━━━━━ Stored data

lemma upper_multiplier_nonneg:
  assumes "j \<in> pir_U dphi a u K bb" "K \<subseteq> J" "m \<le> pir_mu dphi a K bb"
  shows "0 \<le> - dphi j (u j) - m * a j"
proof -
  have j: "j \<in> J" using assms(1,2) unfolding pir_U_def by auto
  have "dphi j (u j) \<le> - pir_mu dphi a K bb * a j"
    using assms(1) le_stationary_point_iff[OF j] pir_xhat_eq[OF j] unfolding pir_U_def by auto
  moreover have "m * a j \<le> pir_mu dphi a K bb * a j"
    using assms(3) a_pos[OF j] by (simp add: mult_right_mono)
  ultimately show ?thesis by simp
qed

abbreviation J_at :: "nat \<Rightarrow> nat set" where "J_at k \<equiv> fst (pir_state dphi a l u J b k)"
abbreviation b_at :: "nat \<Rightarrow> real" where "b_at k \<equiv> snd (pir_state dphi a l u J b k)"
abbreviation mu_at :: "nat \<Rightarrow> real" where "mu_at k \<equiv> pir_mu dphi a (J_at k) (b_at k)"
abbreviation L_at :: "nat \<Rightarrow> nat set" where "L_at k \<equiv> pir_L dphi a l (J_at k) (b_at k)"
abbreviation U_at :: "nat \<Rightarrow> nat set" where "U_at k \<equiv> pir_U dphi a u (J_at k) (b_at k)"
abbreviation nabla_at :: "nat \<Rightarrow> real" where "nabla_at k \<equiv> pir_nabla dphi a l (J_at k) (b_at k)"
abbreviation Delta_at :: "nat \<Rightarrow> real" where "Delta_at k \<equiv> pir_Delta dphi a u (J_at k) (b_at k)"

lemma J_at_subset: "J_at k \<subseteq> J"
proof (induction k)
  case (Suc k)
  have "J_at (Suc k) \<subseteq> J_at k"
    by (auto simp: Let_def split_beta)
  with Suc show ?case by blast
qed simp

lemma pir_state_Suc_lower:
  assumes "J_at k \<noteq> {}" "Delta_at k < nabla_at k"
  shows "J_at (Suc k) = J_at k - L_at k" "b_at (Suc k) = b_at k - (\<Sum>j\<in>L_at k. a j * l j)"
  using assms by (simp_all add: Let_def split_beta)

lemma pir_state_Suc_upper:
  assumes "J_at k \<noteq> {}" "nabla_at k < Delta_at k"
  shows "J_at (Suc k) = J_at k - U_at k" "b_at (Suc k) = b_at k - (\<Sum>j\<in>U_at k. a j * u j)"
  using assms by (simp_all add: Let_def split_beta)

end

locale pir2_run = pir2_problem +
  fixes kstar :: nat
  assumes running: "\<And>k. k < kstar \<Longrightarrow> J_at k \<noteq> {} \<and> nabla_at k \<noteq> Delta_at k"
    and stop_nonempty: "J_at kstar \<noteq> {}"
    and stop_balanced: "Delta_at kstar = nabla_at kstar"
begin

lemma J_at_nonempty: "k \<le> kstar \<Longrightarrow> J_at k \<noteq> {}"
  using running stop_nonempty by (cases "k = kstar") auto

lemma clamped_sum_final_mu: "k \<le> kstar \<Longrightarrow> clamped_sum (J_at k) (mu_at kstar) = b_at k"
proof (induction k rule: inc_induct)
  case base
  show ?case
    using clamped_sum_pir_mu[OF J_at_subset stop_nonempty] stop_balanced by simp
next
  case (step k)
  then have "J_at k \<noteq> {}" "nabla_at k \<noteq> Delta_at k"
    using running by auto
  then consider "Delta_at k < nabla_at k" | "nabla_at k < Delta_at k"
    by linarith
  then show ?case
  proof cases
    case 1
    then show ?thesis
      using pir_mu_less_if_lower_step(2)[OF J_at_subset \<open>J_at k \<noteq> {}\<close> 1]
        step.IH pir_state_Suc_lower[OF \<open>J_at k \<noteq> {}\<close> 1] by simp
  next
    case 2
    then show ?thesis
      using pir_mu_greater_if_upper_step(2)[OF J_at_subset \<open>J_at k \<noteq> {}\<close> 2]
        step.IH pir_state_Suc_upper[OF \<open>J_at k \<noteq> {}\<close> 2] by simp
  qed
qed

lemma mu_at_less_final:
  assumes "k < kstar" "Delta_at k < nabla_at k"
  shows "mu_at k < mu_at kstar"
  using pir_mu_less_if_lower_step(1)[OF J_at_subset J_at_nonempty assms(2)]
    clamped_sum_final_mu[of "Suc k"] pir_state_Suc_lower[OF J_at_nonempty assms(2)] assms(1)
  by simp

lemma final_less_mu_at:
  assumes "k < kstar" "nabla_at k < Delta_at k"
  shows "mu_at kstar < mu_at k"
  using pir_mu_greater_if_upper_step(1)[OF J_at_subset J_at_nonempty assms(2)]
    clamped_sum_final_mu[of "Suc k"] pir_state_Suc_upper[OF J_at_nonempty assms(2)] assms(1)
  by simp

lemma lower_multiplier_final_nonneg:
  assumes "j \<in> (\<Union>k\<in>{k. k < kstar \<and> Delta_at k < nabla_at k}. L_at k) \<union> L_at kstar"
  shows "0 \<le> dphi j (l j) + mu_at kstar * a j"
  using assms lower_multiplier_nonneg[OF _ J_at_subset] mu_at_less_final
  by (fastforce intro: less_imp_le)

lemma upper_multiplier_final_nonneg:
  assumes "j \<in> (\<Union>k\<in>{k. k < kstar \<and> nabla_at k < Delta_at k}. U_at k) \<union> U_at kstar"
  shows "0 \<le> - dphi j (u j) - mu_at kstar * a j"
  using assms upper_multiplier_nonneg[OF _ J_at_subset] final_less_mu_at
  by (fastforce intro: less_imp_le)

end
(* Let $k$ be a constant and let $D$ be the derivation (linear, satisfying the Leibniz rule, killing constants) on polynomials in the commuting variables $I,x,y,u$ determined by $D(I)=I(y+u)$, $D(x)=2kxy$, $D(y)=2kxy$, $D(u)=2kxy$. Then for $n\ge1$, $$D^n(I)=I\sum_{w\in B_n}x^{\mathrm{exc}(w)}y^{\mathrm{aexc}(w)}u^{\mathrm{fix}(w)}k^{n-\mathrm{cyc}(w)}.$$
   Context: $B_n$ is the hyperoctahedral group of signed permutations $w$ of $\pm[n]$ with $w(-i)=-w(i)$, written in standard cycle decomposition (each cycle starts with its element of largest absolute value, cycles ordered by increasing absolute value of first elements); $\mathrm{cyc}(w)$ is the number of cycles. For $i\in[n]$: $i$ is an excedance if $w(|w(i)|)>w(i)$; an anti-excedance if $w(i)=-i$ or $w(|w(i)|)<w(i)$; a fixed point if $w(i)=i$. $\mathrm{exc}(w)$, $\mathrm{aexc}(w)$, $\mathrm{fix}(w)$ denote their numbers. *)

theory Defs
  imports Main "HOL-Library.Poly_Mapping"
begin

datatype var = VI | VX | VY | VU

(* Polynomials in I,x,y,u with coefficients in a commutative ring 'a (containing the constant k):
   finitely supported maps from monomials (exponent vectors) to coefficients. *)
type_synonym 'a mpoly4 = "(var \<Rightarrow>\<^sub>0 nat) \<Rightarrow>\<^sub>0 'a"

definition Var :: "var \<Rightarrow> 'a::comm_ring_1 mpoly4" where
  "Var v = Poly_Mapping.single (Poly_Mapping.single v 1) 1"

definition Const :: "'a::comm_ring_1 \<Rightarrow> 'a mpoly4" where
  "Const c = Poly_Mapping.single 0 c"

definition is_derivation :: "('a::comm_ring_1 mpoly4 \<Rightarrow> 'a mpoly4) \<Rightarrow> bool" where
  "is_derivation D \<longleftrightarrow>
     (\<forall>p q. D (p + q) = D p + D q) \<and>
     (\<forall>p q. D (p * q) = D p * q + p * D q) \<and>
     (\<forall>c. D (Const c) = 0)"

━━━━━━━━━━

What needs to be done
How many lines in the data contain the string "close"? Respond with the number only.

Result
4